(Saved data entries)
______________________________

(* (a) For pre-subgroups $f,g$ of $V$ the following are equivalent: (i) $V(f\otimes g)=f\otimes g$; (ii) $H^g\subset H^f$; (iii) $H_f\subset H_g$; (iv) $H^{f,g}=H^f$; (v) $H^{g,f}=H^f$; (vi) $H_{f,g}=H_g$; (vii) $H_{g,f}=H_g$. Write $g\prec f$ when these hold. (b) $\prec$ is a partial order on the set of pre-subgroups of $V$; the fixed vector $e$ is its greatest element and the cofixed vector $\hat e$ its least element.
   Context: Let $\mathcal H$ be a Hilbert space of finite dimension $n\ge1$ (inner products linear in the second variable) and $V$ a multiplicative unitary on $\mathcal H$ ($V_{12}V_{13}V_{23}=V_{23}V_{12}$) of multiplicity 1 (fixed vectors, i.e. $\xi$ with $V(\xi\otimes\eta)=\xi\otimes\eta$ for all $\eta$, form a line; then so do cofixed vectors, i.e. $\xi$ with $V(\eta\otimes\xi)=\eta\otimes\xi$ for all $\eta$). Fix a unit fixed vector $e$ and let $\hat e$ be the unit cofixed vector with $\langle e,\hat e\rangle=n^{-1/2}$. $\omega_{\xi,\eta}(T)=\langle\xi,T\eta\rangle$, $L(\omega)=(\omega\otimes\mathrm{id})(V)$, $\rho(\omega)=(\mathrm{id}\otimes\omega)(V)$. A pre-subgroup is $f\in\mathcal H$ with $\|f\|=1$, $\langle f,e\rangle>0$, $V(f\otimes f)=f\otimes f$; $H^f=\{\eta:V(f\otimes\eta)=f\otimes\eta\}$, $H_f=\{\eta:V(\eta\otimes f)=\eta\otimes f\}$. For pre-subgroups $f,g$, $H^{f,g}$ denotes the range of $L(\omega_{f,g})$ and $H_{f,g}$ the range of $\rho(\omega_{f,g})$. *)

theory Defs
  imports "HOL-Analysis.Analysis"
begin

text \<open>The Hilbert space H of dimension n = CARD('n) is complex^'n; the inner product
  (linear in the second variable) is cinner. Operators on H (x) H are matrices indexed by 'n \<times> 'n,
  operators on H (x) H (x) H are matrices indexed by 'n \<times> 'n \<times> 'n.\<close>

definition cinner :: "complex^'n::finite \<Rightarrow> complex^'n \<Rightarrow> complex" where
  "cinner x y = (\<Sum>i\<in>UNIV. cnj (x$i) * y$i)"

definition cadj :: "complex^'m^'m \<Rightarrow> complex^'m^'m" where
  "cadj M = (\<chi> i j. cnj (M$j$i))"

definition unitary_op :: "complex^'m^'m \<Rightarrow> bool" where
  "unitary_op M \<longleftrightarrow> cadj M ** M = mat 1 \<and> M ** cadj M = mat 1"
lemma real_le_two_power:
  assumes "a \<le> 2 ^ n" "n \<le> N"
  shows "real a \<le> 2 ^ N"
proof -
  have "a \<le> 2 ^ N"
    using assms power_increasing[of n N "2::nat"] by linarith
  then show ?thesis
    by (metis of_nat_le_iff of_nat_numeral of_nat_power)
qed

lemma real_choose_le_two_power: "n \<le> N \<Longrightarrow> real (n choose k) \<le> 2 ^ N"
  using real_le_two_power[OF binomial_le_pow2] .

lemma real_Suc_le_two_power: "n \<le> N \<Longrightarrow> real (Suc n) \<le> 2 ^ N"
  using real_le_two_power[OF Suc_leI[OF less_exp]] .

lemma norm_pochhammer_of_nat:
  "norm (pochhammer (of_nat q) k :: complex) = real (pochhammer q k)"
  by (simp only: pochhammer_of_nat norm_of_nat)

definition coeff_bound :: "real \<Rightarrow> real \<Rightarrow> ser \<Rightarrow> bool" where
  "coeff_bound R C c \<longleftrightarrow> (\<forall>p q. norm (c p q) \<le> C * R ^ (p + q) * fact q)"

lemma conv_bounded_iff: "conv_bounded c \<longleftrightarrow> (\<exists>R>1. \<exists>C. coeff_bound R C c)"
  unfolding conv_bounded_def coeff_bound_def ..

lemma coeff_boundD: "coeff_bound R C c \<Longrightarrow> norm (c p q) \<le> C * R ^ (p + q) * fact q"
  unfolding coeff_bound_def by blast

lemma coeff_bound_nonneg: "coeff_bound R C c \<Longrightarrow> 0 \<le> C"
  using order_trans[OF norm_ge_zero coeff_boundD[of R C c 0 0]] by simp

lemma coeff_bound_mono_radius:
  assumes c: "coeff_bound R C c" and "0 \<le> R" "R \<le> R'"
  shows "coeff_bound R' C c"
  unfolding coeff_bound_def
proof (intro allI)
  fix p q
  have "C * R ^ (p + q) * fact q \<le> C * R' ^ (p + q) * fact q"
    using assms coeff_bound_nonneg[OF c] by (intro mult_right_mono mult_left_mono power_mono) auto
  then show "norm (c p q) \<le> C * R' ^ (p + q) * fact q"
    using coeff_boundD[OF c] order_trans by blast
qed

lemma conv_bounded_common_radius:
  assumes "conv_bounded x" "conv_bounded y"
  obtains R C1 C2 where "R > 1" "coeff_bound R C1 x" "coeff_bound R C2 y"
proof -
  obtain R1 C1 R2 C2 where "R1 > 1" "coeff_bound R1 C1 x" "R2 > 1" "coeff_bound R2 C2 y"
    using assms unfolding conv_bounded_iff by blast
  then show thesis
    using that[of "max R1 R2" C1 C2] coeff_bound_mono_radius[of R1 C1 x "max R1 R2"]
      coeff_bound_mono_radius[of R2 C2 y "max R1 R2"]
    by auto
qed

lemma coeff_bound_add:
  "coeff_bound R C1 x \<Longrightarrow> coeff_bound R C2 y \<Longrightarrow> coeff_bound R (C1 + C2) (ser_add x y)"
  unfolding coeff_bound_def ser_add_def
proof (intro allI)
  fix p q
  assume x: "\<forall>p q. norm (x p q) \<le> C1 * R ^ (p + q) * fact q"
    and y: "\<forall>p q. norm (y p q) \<le> C2 * R ^ (p + q) * fact q"
  have "norm (x p q + y p q) \<le> C1 * R ^ (p + q) * fact q + C2 * R ^ (p + q) * fact q"
    using x y by (intro norm_triangle_le add_mono) auto
  then show "norm (x p q + y p q) \<le> (C1 + C2) * R ^ (p + q) * fact q"
    by (simp add: algebra_simps)
qed

lemma coeff_bound_smult: "coeff_bound R C x \<Longrightarrow> coeff_bound R (norm c * C) (ser_smult c x)"
  unfolding coeff_bound_def ser_smult_def
  by (auto simp: norm_mult mult.assoc intro: mult_left_mono)

lemma norm_ser_mult_term_le:
  assumes x: "coeff_bound R C1 x" and y: "coeff_bound R C2 y" and R: "0 \<le> R"
    and h: "p \<le> m" "k \<le> n" "q \<le> n - k"
  shows "norm (x p q * y (m - p + k) (n - k - q) * of_nat ((m - p + k) choose k)
      * (-1) ^ k * pochhammer (of_nat q) k) \<le> C1 * C2 * (2 * R) ^ (m + n) * fact n"
proof -
  have C: "0 \<le> C1" "0 \<le> C2" using coeff_bound_nonneg x y by blast+
  have e: "p + q + (m - p + k + (n - (k + q))) = m + n" using h by simp
  have "norm (x p q * y (m - p + k) (n - k - q) * of_nat ((m - p + k) choose k)
      * (-1) ^ k * pochhammer (of_nat q) k)
      = norm (x p q) * norm (y (m - p + k) (n - k - q)) * real ((m - p + k) choose k)
        * real (pochhammer q k)"
    unfolding norm_mult norm_pochhammer_of_nat norm_of_nat by (simp add: norm_power)
  also have "\<dots> \<le> (C1 * R ^ (p + q) * fact q)
        * (C2 * R ^ (m - p + k + (n - k - q)) * fact (n - k - q)) * real ((m - p + k) choose k) * real (pochhammer q k)"
    using coeff_boundD[OF x, of p q] coeff_boundD[OF y, of "m - p + k" "n - k - q"] C R
    by (intro mult_right_mono mult_mono) auto
  also have "\<dots> = C1 * C2 * R ^ (m + n)
      * (real (fact q * pochhammer q k * fact (n - k - q)) * real ((m - p + k) choose k))"
    by (simp add: e flip: power_add)
  also have "\<dots> \<le> C1 * C2 * R ^ (m + n) * (real (fact n) * 2 ^ (m + n))"
  proof -
    have "real (fact q * pochhammer q k * fact (n - k - q)) \<le> real (fact n)"
      using fact_pochhammer_fact_le[of q k n] h by (simp only: of_nat_le_iff)
    then show ?thesis
      using C R h by (intro mult_left_mono mult_mono real_choose_le_two_power) auto
  qed
  also have "\<dots> = C1 * C2 * (2 * R) ^ (m + n) * fact n"
    by (simp add: power_mult_distrib)
  finally show ?thesis .
qed

lemma coeff_bound_ser_mult:
  assumes x: "coeff_bound R C1 x" and y: "coeff_bound R C2 y" and R: "0 \<le> R"
  shows "coeff_bound (16 * R) (C1 * C2) (ser_mult x y)"
  unfolding coeff_bound_def
proof (intro allI)
  fix m n
  define B where "B = C1 * C2 * (2 * R) ^ (m + n) * fact n"
  have B: "0 \<le> B"
    unfolding B_def using coeff_bound_nonneg x y R by simp
  have "norm (ser_mult x y m n) \<le> (\<Sum>p\<le>m. \<Sum>k\<le>n. \<Sum>q\<le>n - k. B)"
    unfolding ser_mult_def B_def using norm_ser_mult_term_le[OF x y R]
    by (intro order_trans[OF norm_sum] sum_mono order_trans[OF norm_sum]) auto
  also have "\<dots> \<le> (\<Sum>p\<le>m. \<Sum>k\<le>n. \<Sum>q\<le>n. B)"
    using B by (intro sum_mono sum_mono2) auto
  also have "\<dots> = real (Suc m) * (real (Suc n) * (real (Suc n) * B))"
    by simp
  also have "\<dots> \<le> 2 ^ (m + n) * (2 ^ (m + n) * (2 ^ (m + n) * B))"
    using B real_Suc_le_two_power[of m "m + n"] real_Suc_le_two_power[of n "m + n"]
    by (intro mult_mono) auto
  also have "\<dots> = C1 * C2 * (16 * R) ^ (m + n) * fact n"
  proof -
    have "(16 * R) ^ (m + n) = 2 ^ (m + n) * (2 ^ (m + n) * (2 ^ (m + n) * (2 * R) ^ (m + n)))"
      by (simp only: power_mult_distrib[symmetric]) simp
    then show ?thesis
      unfolding B_def by (simp only: mult_ac)
  qed
  finally show "norm (ser_mult x y m n) \<le> C1 * C2 * (16 * R) ^ (m + n) * fact n" .
qed

subsection \<open>Change of ordering\<close>

text \<open>With weights s k = (-1)^k this is anti_to_normal; with s k = 1 it is the inverse
  conversion from normal to anti-normal coefficients, by a f(b) = f(b) a + b^2 f'(b).\<close>
definition reorder :: "(nat \<Rightarrow> complex) \<Rightarrow> ser \<Rightarrow> ser" where
  "reorder s d = (\<lambda>i j. \<Sum>k\<le>j. d (i + k) (j - k) * of_nat ((i + k) choose k) * s k
      * pochhammer (of_nat (j - k)) k)"

lemma anti_to_normal_eq_reorder: "anti_to_normal = reorder (\<lambda>k. (-1) ^ k)"
  by (simp add: anti_to_normal_def reorder_def fun_eq_iff)

lemma norm_reorder_term_le:
  assumes d: "coeff_bound R C d" and R: "0 \<le> R" and s: "norm (s k) \<le> 1" and k: "k \<le> j"
  shows "norm (d (i + k) (j - k) * of_nat ((i + k) choose k) * s k
      * pochhammer (of_nat (j - k)) k) \<le> C * (2 * R) ^ (i + j) * fact j"
proof -
  have C: "0 \<le> C" using coeff_bound_nonneg[OF d] .
  have e: "i + k + (j - k) = i + j" using k by simp
  have "norm (d (i + k) (j - k) * of_nat ((i + k) choose k) * s k
      * pochhammer (of_nat (j - k)) k)
      \<le> (C * R ^ (i + j) * fact (j - k)) * real ((i + k) choose k) * 1
        * real (pochhammer (j - k) k)"
    unfolding norm_mult norm_pochhammer_of_nat norm_of_nat
    using coeff_boundD[OF d, of "i + k" "j - k"] s C R
    by (intro mult_mono) (auto simp: e)
  also have "\<dots> = C * R ^ (i + j)
      * (real (fact (j - k) * pochhammer (j - k) k) * real ((i + k) choose k))"
    by simp
  also have "\<dots> \<le> C * R ^ (i + j) * (real (fact j) * 2 ^ (i + j))"
  proof -
    have "real (fact (j - k) * pochhammer (j - k) k) \<le> real (fact j)"
      using fact_mult_pochhammer_le[of "j - k" k] k by (simp only: of_nat_le_iff) simp
    then show ?thesis
      using C R k by (intro mult_left_mono mult_mono real_choose_le_two_power) auto
  qed
  also have "\<dots> = C * (2 * R) ^ (i + j) * fact j"
    by (simp add: power_mult_distrib)
  finally show ?thesis .
qed

lemma coeff_bound_reorder:
  assumes d: "coeff_bound R C d" and R: "0 \<le> R" and s: "\<And>k. norm (s k) \<le> 1"
  shows "coeff_bound (4 * R) C (reorder s d)"
  unfolding coeff_bound_def
proof (intro allI)
  fix i j
  define B where "B = C * (2 * R) ^ (i + j) * fact j"
  have "norm (reorder s d i j) \<le> real (card {..j}) * B"
    unfolding reorder_def B_def using norm_reorder_term_le[OF d R s]
    by (intro sum_norm_bound) auto
  also have "\<dots> \<le> 2 ^ (i + j) * B"
    using real_Suc_le_two_power[of j "i + j"] coeff_bound_nonneg[OF d] R unfolding B_def
    by (intro mult_right_mono) auto
  also have "\<dots> = C * (4 * R) ^ (i + j) * fact j"
  proof -
    have "(4 * R) ^ (i + j) = 2 ^ (i + j) * (2 * R) ^ (i + j)"
      by (simp only: power_mult_distrib[symmetric]) simp
    then show ?thesis
      unfolding B_def by (simp only: mult_ac)
  qed
  finally show "norm (reorder s d i j) \<le> C * (4 * R) ^ (i + j) * fact j" .
qed

lemma conv_bounded_reorder:
  assumes "conv_bounded d" "\<And>k. norm (s k) \<le> 1"
  shows "conv_bounded (reorder s d)"
proof -
  obtain R C where "R > 1" "coeff_bound R C d"
    using assms(1) unfolding conv_bounded_iff by blast
  then have "4 * R > 1" "coeff_bound (4 * R) C (reorder s d)"
    using coeff_bound_reorder assms(2) by auto
  then show ?thesis
    unfolding conv_bounded_iff by blast
qed

lemma choose_mult_choose_shift:
  assumes "k \<le> t"
  shows "((i + t) choose (t - k)) * ((i + k) choose k) = ((i + t) choose t) * (t choose k)"
proof -
  have "((i + t) choose t) * (t choose k) = ((i + t) choose k) * ((i + t - k) choose (t - k))"
    using assms by (intro choose_mult) auto
  also have "(i + t - k) choose (t - k) = (i + t - k) choose i"
    using assms by (metis Nat.add_diff_assoc add_diff_cancel_left' binomial_symmetric le_add1)
  also have "((i + t) choose k) * ((i + t - k) choose i)
      = ((i + t) choose (i + k)) * ((i + k) choose k)"
    using choose_mult_lemma[of i "t - k" k] assms by (simp add: ac_simps)
  also have "(i + t) choose (i + k) = (i + t) choose (t - k)"
    using assms by (metis Nat.diff_cancel add_left_mono binomial_symmetric)
  finally show ?thesis by simp
qed

lemma pochhammer_of_nat_diff_mult:
  assumes "k \<le> t" "t \<le> j"
  shows "pochhammer (of_nat (j - t)) (t - k) * pochhammer (of_nat (j - k)) k
      = (pochhammer (of_nat (j - t)) t :: 'a :: comm_semiring_1)"
proof -
  have "(pochhammer (of_nat (j - t)) t :: 'a) = pochhammer (of_nat (j - t)) (t - k)
      * pochhammer (of_nat (j - t) + of_nat (t - k)) (t - (t - k))"
    by (rule pochhammer_product) simp
  moreover have "(of_nat (j - t) + of_nat (t - k) :: 'a) = of_nat (j - k)"
    using assms by (simp flip: of_nat_add)
  moreover have "t - (t - k) = k" using assms by simp
  ultimately show ?thesis by simp
qed

lemma anti_to_normal_reorder_one: "anti_to_normal (reorder (\<lambda>_. 1) g) = g"
proof (intro ext)
  fix i j
  define F where "F k l = g (i + k + l) (j - (k + l))
      * (of_nat ((i + k + l) choose l) * of_nat ((i + k) choose k)) * (-1) ^ k
      * (pochhammer (of_nat (j - (k + l))) l * pochhammer (of_nat (j - k)) k)" for k l
  define G where "G t = g (i + t) (j - t) * of_nat ((i + t) choose t)
      * pochhammer (of_nat (j - t)) t" for t
  have "anti_to_normal (reorder (\<lambda>_. 1) g) i j = (\<Sum>k\<le>j. \<Sum>l\<le>j - k. F k l)"
    unfolding anti_to_normal_def reorder_def sum_distrib_right
    by (intro sum.cong refl) (simp add: F_def diff_diff_left add.assoc mult_ac)
  also have "\<dots> = (\<Sum>(k, l) \<in> {(k, l). k + l \<le> j}. F k l)"
    by (subst sum.Sigma) (auto intro: sum.cong)
  also have "\<dots> = (\<Sum>t\<le>j. \<Sum>k\<le>t. F k (t - k))"
    by (rule sum.triangle_reindex_eq)
  also have "\<dots> = (\<Sum>t\<le>j. G t * (\<Sum>k\<le>t. (-1) ^ k * of_nat (t choose k)))"
  proof (intro sum.cong refl)
    fix t assume t: "t \<in> {..j}"
    have "F k (t - k) = G t * ((-1) ^ k * of_nat (t choose k))" if k: "k \<le> t" for k
    proof -
      have "(of_nat ((i + t) choose (t - k)) * of_nat ((i + k) choose k) :: complex)
          = of_nat ((i + t) choose t) * of_nat (t choose k)"
        using choose_mult_choose_shift[OF k, of i] by (metis of_nat_mult)
      moreover have "pochhammer (of_nat (j - t)) (t - k) * pochhammer (of_nat (j - k)) k
          = (pochhammer (of_nat (j - t)) t :: complex)"
        using t by (intro pochhammer_of_nat_diff_mult[OF k]) simp
      moreover have "i + k + (t - k) = i + t" "k + (t - k) = t" using k by auto
      ultimately show ?thesis unfolding F_def G_def by (simp add: algebra_simps)
    qed
    then show "(\<Sum>k\<le>t. F k (t - k)) = G t * (\<Sum>k\<le>t. (-1) ^ k * of_nat (t choose k))"
      by (simp add: sum_distrib_left)
  qed
  also have "\<dots> = G 0"
    by (subst sum.mono_neutral_right[of "{..j}" "{0}"]) (auto simp: choose_alternating_sum)
  also have "\<dots> = g i j"
    unfolding G_def by simp
  finally show "anti_to_normal (reorder (\<lambda>_. 1) g) i j = g i j" .
qed

lemma conv_bounded_ser_zero: "conv_bounded ser_zero"
proof -
  have "coeff_bound 2 0 ser_zero"
    unfolding coeff_bound_def ser_zero_def by simp
  then show ?thesis
    unfolding conv_bounded_iff by (auto intro: exI[of _ 2])
qed

lemma conv_bounded_ser_one: "conv_bounded ser_one"
proof -
  have "1 \<le> (2::real) ^ (p + q) * fact q" for p q
    using mult_mono[OF one_le_power fact_ge_1, of "2::real" "p + q" q] by simp
  then have "coeff_bound 2 1 ser_one"
    unfolding coeff_bound_def ser_one_def by simp
  then show ?thesis
    unfolding conv_bounded_iff by (auto intro: exI[of _ 2])
qed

______________________________

• _WHAT IS REQUIRED_
The word "blast" may appear on some lines of these records; state how many such lines there are, and nothing else.

• _RESULT OF THE EXERCISE_
6